Worüber wir reden müssen
Hier sind dabei einige Thesen, die einer tiefergehenden Debatte würdig sind:
- Das Wir-Gefühl, gespeist von schauriger Erregung im Angesicht eines externen Feindes, wird alsbald unter Druck gesetzt von dem Wunsch, seinem bisherigen Lebensstil wieder nachzugehen. Angst vor dem bedrohlichen Neuen verschwindet bald im Hintergrundrauschen, und das Erinnertwerden an bedrohliche Konsequenzen verliert seinen Effekt. Kann man ‘Angst’ zu ‘Vision für Veränderung’ transformieren? So wäre zum Beispiel die Reaktion zu überlasteten Krankenhäusern mit mittel- und langfristigen Änderungen im Gesundheitswesen zu kombinieren, um nachhaltige Verbesserung für alle zu erzeugen.
- Politische Repräsentanten sollen für die Gesellschaft lernen, zu verstehen, wie in der Krise gehandelt werden muss. Das Klein-Klein der detaillierten Maßnahmendiskussion ersetzte bald die Grundhaltung, als Gesellschaft zu gegenseitigen Zugeständnissen bereit zu sein, da es von den größeren Entwicklungen ablenkt. Vertrauen wird nur erzeugt, wenn die mittel- und langfristigen Ziele, die mit den Maßnahmen erreicht werden sollen, kommuniziert, debattiert, und für gut befunden werden.
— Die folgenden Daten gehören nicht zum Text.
lemma tendsto_blockwise_max_if_potential_tendsto:
  assumes s\<^sub>0: "s\<^sub>0 \<in> Prof" "potential_blockwise_max s\<^sub>0" and seq: "\<And>t. seq t \<in> Prof"
    and lim: "(\<lambda>t. potential s\<^sub>0 - potential (seq t)) \<longlonglongrightarrow> 0"
  shows "(\<lambda>t. seq t i j) \<longlonglongrightarrow> s\<^sub>0 i j"
proof (cases "i < m \<and> j < n")
  case True
  have "(seq t i j - s\<^sub>0 i j)\<^sup>2 \<le> 2 * d j / (rmax - rmin) * (potential s\<^sub>0 - potential (seq t))" for t
  proof -
    have "(rmax - rmin) * (seq t i j - s\<^sub>0 i j)\<^sup>2 / (2 * d j) \<le> potential s\<^sub>0 - potential (seq t)"
      using potential_curv_ge_entry[of i j "seq t - s\<^sub>0"] potential_quadratic_growth[OF seq[of t] s\<^sub>0] True
      by simp
    then show ?thesis
      using spread_pos demand_pos[of j] True by (simp add: field_simps)
  qed
  then show ?thesis
    using lim by (rule tendsto_if_sq_dist_le)
next
  case False
  then show ?thesis
    using profiles_entry_eq_0[OF seq] profiles_entry_eq_0[OF s\<^sub>0(1)] by simp
qed

lemma best_response_exists:
  assumes "i < m"
  shows "\<exists>z. z \<in> best_responses m n c d rmax rmin s i"
proof -
  have "continuous_on (Strat i) (\<lambda>x. potential (s(i := x)))"
    by (rule continuous_on_compose2[OF continuous_potential[of UNIV] continuous_on_fun_upd[OF continuous_on_id]])
      simp
  moreover have "Strat i \<noteq> {}"
    using zero_in_strat_set[of c i n] budget_pos[OF assms] by auto
  ultimately obtain z where z: "z \<in> Strat i"
    and z_max: "\<And>y. y \<in> Strat i \<Longrightarrow> potential (s(i := y)) \<le> potential (s(i := z))"
    using continuous_attains_sup[OF compact_strat_set] by metis
  have "util (s(i := y)) i \<le> util (s(i := z)) i" if "y \<in> Strat i" for y
    using utility_update_diff[OF assms, of s y] utility_update_diff[OF assms, of s z] z_max[OF that]
    by linarith
  then show ?thesis
    using z unfolding best_responses_def by blast
qed

definition selected_gain :: "(profile \<Rightarrow> nat \<times> strategy) \<Rightarrow> profile \<Rightarrow> real" where
  "selected_gain sel s = potential (s(fst (sel s) := snd (sel s))) - potential s"

lemma eager_rule_gain_bound:
  assumes "eager_rule m n c d rmax rmin sel" and "s \<in> Prof" and "k < m" and "y \<in> Strat k"
  shows "potential (s(k := y)) - potential s \<le> selected_gain sel s"
proof -
  obtain z where z: "z \<in> best_responses m n c d rmax rmin s k"
    using best_response_exists[OF assms(3)] by blast
  have "util (s(k := y)) k \<le> util (s(k := z)) k"
    using z assms(4) by (auto simp: best_responses_def)
  moreover have "fst (sel s) < m"
    and "util (s(k := z)) k - util s k
      \<le> util (s(fst (sel s) := snd (sel s))) (fst (sel s)) - util s (fst (sel s))"
    using assms(1-3) z by (auto simp: eager_rule_def)
  ultimately show ?thesis
    using utility_update_diff[OF assms(3), of s y] utility_update_diff[OF assms(3), of s z]
      utility_update_diff[of "fst (sel s)" s "snd (sel s)"]
    unfolding selected_gain_def by linarith
qed

lemma selected_gain_nonneg:
  assumes "eager_rule m n c d rmax rmin sel" and "s \<in> Prof"
  shows "0 \<le> selected_gain sel s"
  using eager_rule_gain_bound[OF assms lenders_pos profiles_row[OF assms(2) lenders_pos]] by simp

lemma eager_step_in_profiles:
  assumes "eager_rule m n c d rmax rmin sel" and "s \<in> Prof" and "0 \<le> \<alpha>" and "\<alpha> \<le> 1"
  shows "uniform_BR_step \<alpha> sel s \<in> Prof"
proof -
  obtain i z where sel: "sel s = (i, z)"
    by fastforce
  then have i: "i < m" and z: "z \<in> Strat i"
    using assms(1,2) by (auto simp: eager_rule_def best_responses_def)
  then show ?thesis
    using profiles_update[OF assms(2) i strat_set_segment[OF z profiles_row[OF assms(2) i] assms(3,4)]]
    by (simp add: uniform_BR_step_def sel)
qed

lemma eager_step_potential_increase:
  assumes "eager_rule m n c d rmax rmin sel" and "s \<in> Prof" and "0 \<le> \<alpha>" and "\<alpha> \<le> 1"
  shows "\<alpha> * selected_gain sel s \<le> potential (uniform_BR_step \<alpha> sel s) - potential s"
proof -
  obtain i z where sel: "sel s = (i, z)"
    by fastforce
  then have "i < m"
    using assms(1,2) by (auto simp: eager_rule_def)
  then show ?thesis
    using potential_segment_ge[OF _ assms(3,4), of i s z]
    by (simp add: uniform_BR_step_def selected_gain_def sel)
qed

lemma eager_dynamics_in_profiles:
  assumes "eager_uniform_BR_dynamics m n c d rmax rmin \<alpha> sel seq" and "seq 0 \<in> Prof"
    and "0 \<le> \<alpha>" and "\<alpha> \<le> 1"
  shows "seq t \<in> Prof"
proof (induction t)
  case 0
  show ?case
    by (fact assms(2))
next
  case (Suc t)
  have "eager_rule m n c d rmax rmin sel"
    using assms(1) by (simp add: eager_uniform_BR_dynamics_def)
  then show ?case
    unfolding eager_uniform_BR_dynamics_Suc[OF assms(1)] using Suc assms(3,4) by (rule eager_step_in_profiles)
qed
- Gleichzeitig jedoch werden Detail-Diskussionen für politische Angriffe auf die Verantwortlichen beziehungsweise deren Entscheidungen verwendet. Als Teile einer Gesellschaft müssen wir uns wieder und wieder bewusst machen, dass umfangreiche Information wichtig ist, gleichzeitig eine Flut an Information einschüchtern und verwirren kann. Die politische Diskussion muss daher auch auf Basis von Werten und langfristigen Zielen erfolgen, sodass das Tagesgeschäft auf deren Basis bewertet werden kann, statt sich in Detailfragen zu verirren.
Kommende Krisen bewältigen
Wir werden in der Zukunft mit weiteren Krisen konfrontiert werden. Der Klimawandel ist nach wie vor im Gange, und die geopolitische Ordnung verändert sich gerade hin zu mehr Multipolarität. Insbesondere Europa hat in seiner jüngsten Vergangenheit Frieden und Sicherheit genossen, die nicht zu allen Zeiten selbstverständlich waren. Die Coronavirus-Krise sollte uns daher als Warnung dienen:
Für die Zukunft müssen wir als Gesellschaft wieder lernen, uns auch langfristig während Krisen zu orientieren, in ihnen zu manövrieren, und dabei gemeinsame Ziele zu verfolgen die uns als Gesellschaft dienen.
Zum Autor: Christian ist Biochemiker, derweil ebenfalls interessiert an Gesellschaftsthemen. Er wünscht sich eine Politik für die Gesellschaft, von der Gesellschaft, hin zu einer balancierten Gesellschaft. Da dies aktiven Austausch zwischen allen politischen Akteuren erfordert, denkt er viel darüber nach, wie politische Kommunikation in verschiedenen Ebenen gestaltet sein sollte.